Data for this task:
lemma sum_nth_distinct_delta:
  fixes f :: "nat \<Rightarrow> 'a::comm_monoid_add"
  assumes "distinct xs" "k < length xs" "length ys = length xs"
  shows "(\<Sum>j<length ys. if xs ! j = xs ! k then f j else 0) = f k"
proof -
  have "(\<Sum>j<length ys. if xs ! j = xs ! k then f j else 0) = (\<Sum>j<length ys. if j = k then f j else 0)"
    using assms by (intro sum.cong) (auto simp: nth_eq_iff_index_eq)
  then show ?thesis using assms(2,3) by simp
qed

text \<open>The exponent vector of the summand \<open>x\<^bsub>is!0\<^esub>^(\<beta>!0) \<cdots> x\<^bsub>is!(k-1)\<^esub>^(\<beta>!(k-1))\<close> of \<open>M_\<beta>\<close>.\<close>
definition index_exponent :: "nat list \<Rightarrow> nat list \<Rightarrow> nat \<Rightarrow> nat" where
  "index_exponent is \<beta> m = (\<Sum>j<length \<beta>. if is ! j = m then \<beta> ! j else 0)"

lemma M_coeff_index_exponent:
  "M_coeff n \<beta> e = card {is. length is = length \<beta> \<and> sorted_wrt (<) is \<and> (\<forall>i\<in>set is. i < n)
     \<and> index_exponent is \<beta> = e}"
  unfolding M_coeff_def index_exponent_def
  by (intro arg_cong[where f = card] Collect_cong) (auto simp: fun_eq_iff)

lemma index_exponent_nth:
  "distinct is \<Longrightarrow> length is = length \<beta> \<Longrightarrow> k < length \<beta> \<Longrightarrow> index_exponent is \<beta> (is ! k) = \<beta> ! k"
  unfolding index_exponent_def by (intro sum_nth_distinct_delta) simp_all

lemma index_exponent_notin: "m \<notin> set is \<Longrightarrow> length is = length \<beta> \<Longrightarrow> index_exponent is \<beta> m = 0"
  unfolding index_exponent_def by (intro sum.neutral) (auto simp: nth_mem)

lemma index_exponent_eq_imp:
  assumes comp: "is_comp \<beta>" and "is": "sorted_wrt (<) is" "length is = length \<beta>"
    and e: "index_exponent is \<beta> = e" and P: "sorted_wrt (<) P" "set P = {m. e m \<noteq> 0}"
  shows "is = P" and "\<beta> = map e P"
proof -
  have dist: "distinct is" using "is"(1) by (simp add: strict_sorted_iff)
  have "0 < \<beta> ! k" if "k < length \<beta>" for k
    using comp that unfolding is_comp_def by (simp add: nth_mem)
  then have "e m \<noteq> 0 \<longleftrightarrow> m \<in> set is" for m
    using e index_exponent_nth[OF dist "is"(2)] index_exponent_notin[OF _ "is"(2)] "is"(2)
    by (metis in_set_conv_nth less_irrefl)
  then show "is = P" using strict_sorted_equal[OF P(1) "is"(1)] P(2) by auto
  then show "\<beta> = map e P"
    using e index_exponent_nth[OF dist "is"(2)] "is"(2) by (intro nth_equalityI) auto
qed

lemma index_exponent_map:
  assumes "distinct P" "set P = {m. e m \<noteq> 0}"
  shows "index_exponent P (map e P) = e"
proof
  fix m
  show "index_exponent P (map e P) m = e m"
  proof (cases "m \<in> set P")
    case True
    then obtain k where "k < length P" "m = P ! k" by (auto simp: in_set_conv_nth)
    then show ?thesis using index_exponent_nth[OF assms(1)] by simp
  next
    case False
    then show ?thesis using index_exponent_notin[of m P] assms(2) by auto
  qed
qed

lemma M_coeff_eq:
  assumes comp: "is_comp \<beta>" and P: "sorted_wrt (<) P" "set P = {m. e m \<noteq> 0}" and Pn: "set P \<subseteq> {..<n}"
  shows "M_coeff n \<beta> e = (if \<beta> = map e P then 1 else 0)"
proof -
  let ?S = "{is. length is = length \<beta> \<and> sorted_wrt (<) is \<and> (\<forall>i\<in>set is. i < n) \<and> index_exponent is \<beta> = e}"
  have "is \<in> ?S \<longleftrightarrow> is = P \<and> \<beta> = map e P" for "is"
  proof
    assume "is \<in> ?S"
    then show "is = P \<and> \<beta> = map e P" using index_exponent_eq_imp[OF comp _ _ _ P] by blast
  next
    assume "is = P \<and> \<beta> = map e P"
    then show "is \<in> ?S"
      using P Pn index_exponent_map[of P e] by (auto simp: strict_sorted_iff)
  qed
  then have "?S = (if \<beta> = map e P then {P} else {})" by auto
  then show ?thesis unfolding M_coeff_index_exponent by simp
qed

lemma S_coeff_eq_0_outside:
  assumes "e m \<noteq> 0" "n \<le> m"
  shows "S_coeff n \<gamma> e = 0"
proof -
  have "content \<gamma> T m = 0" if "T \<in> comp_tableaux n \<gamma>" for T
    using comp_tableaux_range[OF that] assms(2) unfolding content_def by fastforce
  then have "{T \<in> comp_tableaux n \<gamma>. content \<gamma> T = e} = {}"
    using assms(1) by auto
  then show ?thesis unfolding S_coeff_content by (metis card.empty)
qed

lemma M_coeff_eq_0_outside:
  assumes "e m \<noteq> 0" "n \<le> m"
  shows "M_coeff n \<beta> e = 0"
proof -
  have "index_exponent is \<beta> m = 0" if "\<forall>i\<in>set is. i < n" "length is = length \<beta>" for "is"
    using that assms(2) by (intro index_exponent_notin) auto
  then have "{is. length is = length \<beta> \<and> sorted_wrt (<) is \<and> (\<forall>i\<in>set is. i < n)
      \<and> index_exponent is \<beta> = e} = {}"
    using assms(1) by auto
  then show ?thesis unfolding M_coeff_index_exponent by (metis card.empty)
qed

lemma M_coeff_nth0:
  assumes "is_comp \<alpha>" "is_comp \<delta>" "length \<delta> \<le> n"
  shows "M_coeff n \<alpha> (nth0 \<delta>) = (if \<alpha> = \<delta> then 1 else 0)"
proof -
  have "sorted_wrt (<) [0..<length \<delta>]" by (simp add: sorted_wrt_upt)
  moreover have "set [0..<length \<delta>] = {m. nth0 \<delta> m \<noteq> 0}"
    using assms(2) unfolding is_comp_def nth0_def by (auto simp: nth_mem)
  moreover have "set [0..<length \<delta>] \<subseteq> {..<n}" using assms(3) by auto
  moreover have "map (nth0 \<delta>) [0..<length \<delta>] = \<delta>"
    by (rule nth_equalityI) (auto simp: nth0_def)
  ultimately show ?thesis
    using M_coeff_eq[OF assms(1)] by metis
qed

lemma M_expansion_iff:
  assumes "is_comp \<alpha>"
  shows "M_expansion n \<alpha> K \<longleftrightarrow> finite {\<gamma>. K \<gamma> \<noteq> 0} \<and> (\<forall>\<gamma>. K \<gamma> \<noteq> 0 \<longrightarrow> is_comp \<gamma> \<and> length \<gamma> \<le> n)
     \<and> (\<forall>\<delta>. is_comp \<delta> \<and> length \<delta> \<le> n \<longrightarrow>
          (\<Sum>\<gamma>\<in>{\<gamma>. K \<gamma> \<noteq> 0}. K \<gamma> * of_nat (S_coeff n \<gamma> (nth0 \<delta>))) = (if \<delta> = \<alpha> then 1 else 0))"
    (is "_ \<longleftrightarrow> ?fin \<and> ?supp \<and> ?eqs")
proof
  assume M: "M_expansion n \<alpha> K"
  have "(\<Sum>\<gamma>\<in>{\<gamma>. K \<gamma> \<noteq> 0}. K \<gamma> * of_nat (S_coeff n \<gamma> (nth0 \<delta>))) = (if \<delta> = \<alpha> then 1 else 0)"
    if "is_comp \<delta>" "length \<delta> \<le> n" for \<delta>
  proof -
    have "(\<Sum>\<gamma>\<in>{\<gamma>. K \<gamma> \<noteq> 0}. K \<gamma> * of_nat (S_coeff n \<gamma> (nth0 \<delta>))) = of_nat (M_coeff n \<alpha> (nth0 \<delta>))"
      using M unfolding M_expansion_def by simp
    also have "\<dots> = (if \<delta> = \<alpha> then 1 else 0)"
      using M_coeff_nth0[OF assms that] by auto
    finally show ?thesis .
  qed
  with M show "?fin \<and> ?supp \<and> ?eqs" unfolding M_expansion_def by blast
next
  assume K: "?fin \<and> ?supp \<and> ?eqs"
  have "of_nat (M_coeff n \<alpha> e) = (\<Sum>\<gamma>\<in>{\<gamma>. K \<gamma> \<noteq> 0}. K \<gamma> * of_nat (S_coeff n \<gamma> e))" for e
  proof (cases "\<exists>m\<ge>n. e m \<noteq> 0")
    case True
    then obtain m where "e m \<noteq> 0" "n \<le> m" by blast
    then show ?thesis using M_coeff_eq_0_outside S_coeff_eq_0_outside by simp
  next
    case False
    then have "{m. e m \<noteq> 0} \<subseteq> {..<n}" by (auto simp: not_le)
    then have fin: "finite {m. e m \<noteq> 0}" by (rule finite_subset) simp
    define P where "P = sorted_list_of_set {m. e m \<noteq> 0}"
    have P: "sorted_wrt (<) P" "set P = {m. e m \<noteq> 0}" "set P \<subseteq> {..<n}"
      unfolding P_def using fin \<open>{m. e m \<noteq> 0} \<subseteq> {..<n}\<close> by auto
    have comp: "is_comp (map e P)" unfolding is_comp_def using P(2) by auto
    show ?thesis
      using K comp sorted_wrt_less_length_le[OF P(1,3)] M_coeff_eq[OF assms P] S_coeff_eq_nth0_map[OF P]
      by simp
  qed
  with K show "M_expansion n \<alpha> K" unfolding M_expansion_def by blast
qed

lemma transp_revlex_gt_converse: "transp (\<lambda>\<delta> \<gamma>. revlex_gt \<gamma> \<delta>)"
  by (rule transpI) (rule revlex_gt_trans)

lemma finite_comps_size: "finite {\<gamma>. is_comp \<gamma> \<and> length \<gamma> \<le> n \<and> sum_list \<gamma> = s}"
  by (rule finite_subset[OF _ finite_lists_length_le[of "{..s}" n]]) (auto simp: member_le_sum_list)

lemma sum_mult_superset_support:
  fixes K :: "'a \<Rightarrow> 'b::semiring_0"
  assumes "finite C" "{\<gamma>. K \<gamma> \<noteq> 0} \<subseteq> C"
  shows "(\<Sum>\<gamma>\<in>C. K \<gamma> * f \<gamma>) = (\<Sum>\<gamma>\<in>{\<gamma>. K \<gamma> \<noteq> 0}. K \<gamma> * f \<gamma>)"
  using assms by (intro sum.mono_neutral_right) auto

Problem requirements: Looking at the data above, return every line from the one with "else 0) = f" down to the one with "list \<Rightarrow> nat list", exactly and inclusively.

Result of the task:
  shows "(\<Sum>j<length ys. if xs ! j = xs ! k then f j else 0) = f k"
proof -
  have "(\<Sum>j<length ys. if xs ! j = xs ! k then f j else 0) = (\<Sum>j<length ys. if j = k then f j else 0)"
    using assms by (intro sum.cong) (auto simp: nth_eq_iff_index_eq)
  then show ?thesis using assms(2,3) by simp
qed

text \<open>The exponent vector of the summand \<open>x\<^bsub>is!0\<^esub>^(\<beta>!0) \<cdots> x\<^bsub>is!(k-1)\<^esub>^(\<beta>!(k-1))\<close> of \<open>M_\<beta>\<close>.\<close>
definition index_exponent :: "nat list \<Rightarrow> nat list \<Rightarrow> nat \<Rightarrow> nat" where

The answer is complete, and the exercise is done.